● **DESCRIPTION OF THE TASK**:
Examine each line of the data, and copy the ones containing "assumes".

Data entries
▶

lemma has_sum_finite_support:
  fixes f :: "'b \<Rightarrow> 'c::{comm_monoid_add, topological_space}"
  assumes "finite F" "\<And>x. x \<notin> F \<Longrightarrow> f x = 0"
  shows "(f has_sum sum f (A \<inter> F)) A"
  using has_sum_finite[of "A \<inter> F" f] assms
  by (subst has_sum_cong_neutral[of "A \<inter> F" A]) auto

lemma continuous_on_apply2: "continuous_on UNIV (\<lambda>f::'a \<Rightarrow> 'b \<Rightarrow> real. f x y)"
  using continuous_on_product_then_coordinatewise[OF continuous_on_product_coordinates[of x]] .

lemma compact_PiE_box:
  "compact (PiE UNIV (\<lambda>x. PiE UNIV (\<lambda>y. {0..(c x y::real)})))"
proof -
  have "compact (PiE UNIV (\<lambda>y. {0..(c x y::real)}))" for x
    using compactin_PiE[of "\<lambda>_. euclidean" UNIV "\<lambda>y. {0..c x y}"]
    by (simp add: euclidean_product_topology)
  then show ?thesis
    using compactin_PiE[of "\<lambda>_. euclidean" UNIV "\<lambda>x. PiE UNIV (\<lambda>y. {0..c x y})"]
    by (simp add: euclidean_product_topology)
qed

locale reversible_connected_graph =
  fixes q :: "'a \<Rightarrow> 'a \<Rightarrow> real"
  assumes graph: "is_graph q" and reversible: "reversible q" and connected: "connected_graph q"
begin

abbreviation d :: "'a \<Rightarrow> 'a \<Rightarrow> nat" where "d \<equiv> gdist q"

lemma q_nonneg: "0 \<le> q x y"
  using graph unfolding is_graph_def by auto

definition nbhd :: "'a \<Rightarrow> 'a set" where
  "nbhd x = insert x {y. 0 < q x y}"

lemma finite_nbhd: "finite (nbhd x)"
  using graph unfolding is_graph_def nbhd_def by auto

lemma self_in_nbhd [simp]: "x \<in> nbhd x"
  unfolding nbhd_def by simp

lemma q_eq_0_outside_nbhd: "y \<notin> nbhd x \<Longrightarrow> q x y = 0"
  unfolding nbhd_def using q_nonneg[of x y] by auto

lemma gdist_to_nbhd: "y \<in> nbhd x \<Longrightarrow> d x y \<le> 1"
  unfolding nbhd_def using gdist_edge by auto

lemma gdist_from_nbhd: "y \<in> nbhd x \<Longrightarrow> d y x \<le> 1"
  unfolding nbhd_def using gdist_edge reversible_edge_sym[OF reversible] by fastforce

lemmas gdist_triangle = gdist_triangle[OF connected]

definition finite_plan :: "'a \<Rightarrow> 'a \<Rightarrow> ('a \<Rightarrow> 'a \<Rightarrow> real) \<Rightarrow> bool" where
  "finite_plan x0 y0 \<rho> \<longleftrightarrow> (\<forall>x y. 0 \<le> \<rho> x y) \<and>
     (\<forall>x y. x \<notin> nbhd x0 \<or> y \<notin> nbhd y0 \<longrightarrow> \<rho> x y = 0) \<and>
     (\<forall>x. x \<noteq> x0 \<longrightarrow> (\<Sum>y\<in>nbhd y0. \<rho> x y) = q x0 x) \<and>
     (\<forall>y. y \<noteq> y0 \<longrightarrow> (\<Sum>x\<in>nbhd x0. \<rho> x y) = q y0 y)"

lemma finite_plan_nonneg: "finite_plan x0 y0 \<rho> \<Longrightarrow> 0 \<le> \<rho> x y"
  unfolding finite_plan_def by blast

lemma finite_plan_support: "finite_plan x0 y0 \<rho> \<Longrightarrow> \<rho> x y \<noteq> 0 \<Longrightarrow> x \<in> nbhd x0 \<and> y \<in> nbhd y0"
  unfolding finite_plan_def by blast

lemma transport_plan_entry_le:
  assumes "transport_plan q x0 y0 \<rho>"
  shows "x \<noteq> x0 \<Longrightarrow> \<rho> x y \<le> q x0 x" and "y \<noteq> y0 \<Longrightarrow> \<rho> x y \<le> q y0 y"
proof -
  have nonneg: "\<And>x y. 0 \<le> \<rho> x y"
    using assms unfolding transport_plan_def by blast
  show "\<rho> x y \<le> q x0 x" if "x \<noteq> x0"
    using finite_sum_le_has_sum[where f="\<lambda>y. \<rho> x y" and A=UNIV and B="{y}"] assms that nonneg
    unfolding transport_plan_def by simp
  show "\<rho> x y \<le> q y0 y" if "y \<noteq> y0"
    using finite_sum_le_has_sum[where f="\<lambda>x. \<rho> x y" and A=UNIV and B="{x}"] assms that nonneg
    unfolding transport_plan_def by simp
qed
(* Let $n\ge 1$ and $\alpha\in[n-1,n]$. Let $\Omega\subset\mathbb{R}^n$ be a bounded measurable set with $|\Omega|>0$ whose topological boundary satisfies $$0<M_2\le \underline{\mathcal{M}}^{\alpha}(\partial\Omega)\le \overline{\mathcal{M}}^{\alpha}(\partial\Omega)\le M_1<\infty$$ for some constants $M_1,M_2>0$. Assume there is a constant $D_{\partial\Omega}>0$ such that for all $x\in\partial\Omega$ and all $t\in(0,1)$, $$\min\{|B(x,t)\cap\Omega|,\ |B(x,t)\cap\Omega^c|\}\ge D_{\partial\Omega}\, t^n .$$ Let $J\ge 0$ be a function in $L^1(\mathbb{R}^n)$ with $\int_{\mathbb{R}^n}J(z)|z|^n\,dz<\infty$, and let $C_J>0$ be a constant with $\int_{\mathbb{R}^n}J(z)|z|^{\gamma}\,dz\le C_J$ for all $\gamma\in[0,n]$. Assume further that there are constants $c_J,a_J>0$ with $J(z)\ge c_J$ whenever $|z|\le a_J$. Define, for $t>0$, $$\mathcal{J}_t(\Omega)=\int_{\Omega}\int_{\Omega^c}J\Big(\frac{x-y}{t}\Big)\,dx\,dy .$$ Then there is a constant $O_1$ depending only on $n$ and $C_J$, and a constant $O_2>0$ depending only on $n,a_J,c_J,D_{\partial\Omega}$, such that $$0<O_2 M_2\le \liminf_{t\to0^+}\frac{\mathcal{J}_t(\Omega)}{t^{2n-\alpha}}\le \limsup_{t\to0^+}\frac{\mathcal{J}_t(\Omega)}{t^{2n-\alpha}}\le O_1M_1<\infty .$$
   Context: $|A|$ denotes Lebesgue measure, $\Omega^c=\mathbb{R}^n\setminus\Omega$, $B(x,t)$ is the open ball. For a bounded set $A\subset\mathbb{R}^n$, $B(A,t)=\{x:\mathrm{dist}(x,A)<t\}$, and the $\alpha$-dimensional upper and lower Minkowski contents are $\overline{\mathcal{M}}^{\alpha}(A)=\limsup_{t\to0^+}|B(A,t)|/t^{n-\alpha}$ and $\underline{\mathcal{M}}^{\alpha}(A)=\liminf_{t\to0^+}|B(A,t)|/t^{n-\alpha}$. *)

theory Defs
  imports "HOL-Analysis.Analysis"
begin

◀

● **REPLY**:
  assumes "finite F" "\<And>x. x \<notin> F \<Longrightarrow> f x = 0"
  assumes graph: "is_graph q" and reversible: "reversible q" and connected: "connected_graph q"
  assumes "transport_plan q x0 y0 \<rho>"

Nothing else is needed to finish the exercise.